On Monday, the New York Stock Exchange is set to continue its decline that began on Friday, in the wake of an employment report that sent both the dollar and bond yields back up.

Half an hour before the opening,

On Friday, US equity markets had suffered declines of between 1.5% and 1.6% in the wake of solid employment figures likely to prompt the Fed to take a wait-and-see approach to rate cuts.

Down 5% over the past month, the S&P 500 has now wiped out all the gains that followed Donald Trump's victory in the presidential election on November 5.

In a research note, Goldman Sachs economists say they now expect only two rate cuts from the Federal Reserve this year, compared with three previously.

On the bond market, the yield on 10-year US Treasuries was barely above 4.77% this morning, having reached its highest level since 2023, above 4.78%, on Friday.

The dollar continued to soar against the euro, breaking through the symbolic 1.02 barrier last seen in the autumn of 2022.

Nervousness about the Federal Reserve's updated monetary easing expectations has been compounded by worries about Donald Trump's economic policies.

The President-elect's firm stance on trade issues is the main cause for concern for many investors.

High tariffs on goods imported from China, Mexico, Canada and Europe would increase the price of imported goods for American consumers, an inflationary dynamic that would further reduce the Fed's room for manoeuvre.

Scalded by this difficult start to the year, investors are hoping to be able to count on a solid earnings season to restore some of the optimism that characterized the stock markets last year.

For while Wall Street has been brooding over the past few weeks, US companies are expected to have had a robust 4th quarter in terms of results.

According to FactSet, analysts expect earnings growth for S&P 500 companies to reach 11.7% in the last three months of 2024, the highest in three years.

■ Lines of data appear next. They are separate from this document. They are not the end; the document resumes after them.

definition is_sink :: "('a,'b) pre_digraph \<Rightarrow> 'a \<Rightarrow> bool" where
  "is_sink G v \<longleftrightarrow> v \<in> verts G \<and> {e \<in> arcs G. tail G e = v} = {}"

definition is_source :: "('a,'b) pre_digraph \<Rightarrow> 'a \<Rightarrow> bool" where
  "is_source G v \<longleftrightarrow> v \<in> verts G \<and> {e \<in> arcs G. head G e = v} = {}"

definition is_cycle :: "('a,'b) pre_digraph \<Rightarrow> 'b list \<Rightarrow> bool" where
  "is_cycle G c \<longleftrightarrow> is_epath G c \<and> tail G (hd c) = head G (last c) \<and>
     distinct (map (tail G) c)"

definition cycle_verts :: "('a,'b) pre_digraph \<Rightarrow> 'b list \<Rightarrow> 'a set" where
  "cycle_verts G c = set (map (tail G) c)"

definition exclusive_cycle :: "('a,'b) pre_digraph \<Rightarrow> 'b list \<Rightarrow> bool" where
  "exclusive_cycle G c \<longleftrightarrow> (\<forall>d. is_cycle G d \<and> cycle_verts G c \<inter> cycle_verts G d \<noteq> {}
       \<longrightarrow> (\<exists>k. d = rotate k c))"

definition condition_EXC :: "('a,'b) pre_digraph \<Rightarrow> bool" where
  "condition_EXC G \<longleftrightarrow> (\<forall>c. is_cycle G c \<longrightarrow> exclusive_cycle G c)"

text \<open>Since paths form a basis of KE and V_n is spanned by
  paths of length <= n, dim (V_n / V_(n-1)) = card (paths_of_length G n).\<close>
definition paths_of_length :: "('a,'b) pre_digraph \<Rightarrow> nat \<Rightarrow> ('a + 'b list) set" where
  "paths_of_length G n =
     (if n = 0 then Inl ` verts G else Inr ` {es. length es = n \<and> is_epath G es})"

definition all_paths :: "('a,'b) pre_digraph \<Rightarrow> ('a + 'b list) set" where
  "all_paths G = (\<Union>n. paths_of_length G n)"

definition h_alg :: "('a,'b) pre_digraph \<Rightarrow> ereal" where
  "h_alg G = (if finite (all_paths G) then 0
     else limsup (\<lambda>n. ereal (ln (real (card (paths_of_length G n))) / real n)))"

end

theory Submission
  imports Defs "Graph_Theory.Arc_Walk" "HOL-Library.FuncSet" "HOL-Real_Asymp.Real_Asymp"
begin

(* Under (EXC) distinct cycles are vertex-disjoint, so at most one arc lying on a cycle leaves
   any vertex.  A path never returns to the tail of an arc that lies on no cycle, so it leaves
   each vertex along such an arc at most once.  Hence a path of length n is determined by its
   first vertex and by the positions and arcs of its steps off the cycles, which leaves at most
   |E0| (n |E1| + 1)^|E0| paths of length n.  Polynomial growth forces zero entropy. *)

lemma is_epath_Cons:
  "is_epath G (e # es) \<longleftrightarrow>
     e \<in> arcs G \<and> (es = [] \<or> is_epath G es \<and> head G e = tail G (hd es))"
  by (cases es) (auto simp: is_epath_def nth_Cons split: nat.splits)

lemma (in wf_digraph) is_epath_iff_awalk:
  "is_epath G es \<longleftrightarrow> es \<noteq> [] \<and> awalk (tail G (hd es)) es (head G (last es))"
proof (induction es)
  case Nil
  then show ?case by (simp add: is_epath_def)
next
  case (Cons e es)
  then show ?case
    by (cases es) (auto simp: is_epath_Cons awalk_Cons_iff awalk_Nil_iff)
qed

definition cycle_arcs :: "('a,'b) pre_digraph \<Rightarrow> 'b set" where
  "cycle_arcs G = {e. \<exists>c. is_cycle G c \<and> e \<in> set c}"

lemma (in wf_digraph) in_cycle_arcs_if_awalk_head_to_tail:
  assumes e: "e \<in> arcs G" and p: "awalk (head G e) p (tail G e)"
  shows "e \<in> cycle_arcs G"
proof -
  define q where "q = awalk_to_apath p"
  have q: "apath (head G e) q (tail G e)"
    unfolding q_def using p by (rule apath_awalk_to_apath)
  have "is_cycle G (e # q)"
  proof (cases "q = []")
    case True
    then show ?thesis using e q by (simp add: is_cycle_def is_epath_def apath_Nil_iff)
  next
    case False
    have "awalk (tail G e) (e # q) (tail G e)" using e q by (simp add: awalk_Cons_iff apath_def)
    moreover have "distinct (map (tail G) q @ [tail G e])"
      using q False by (auto simp: apath_def awalk_verts_conv)
    ultimately show ?thesis
      using False q by (auto simp: is_cycle_def is_epath_iff_awalk apath_def awalk_verts_conv)
  qed
  then show ?thesis unfolding cycle_arcs_def by auto
qed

As usual, the big banks will be in the spotlight in the first week of the earnings season, with Citi, Goldman Sachs, JPMorgan and Wells Fargo scheduled for Wednesday, followed by Bank of America and Morgan Stanley the next day.

Comments from these leading financial institutions will provide investors with interesting reading on the current state of the economy, consumer spending and the economic outlook.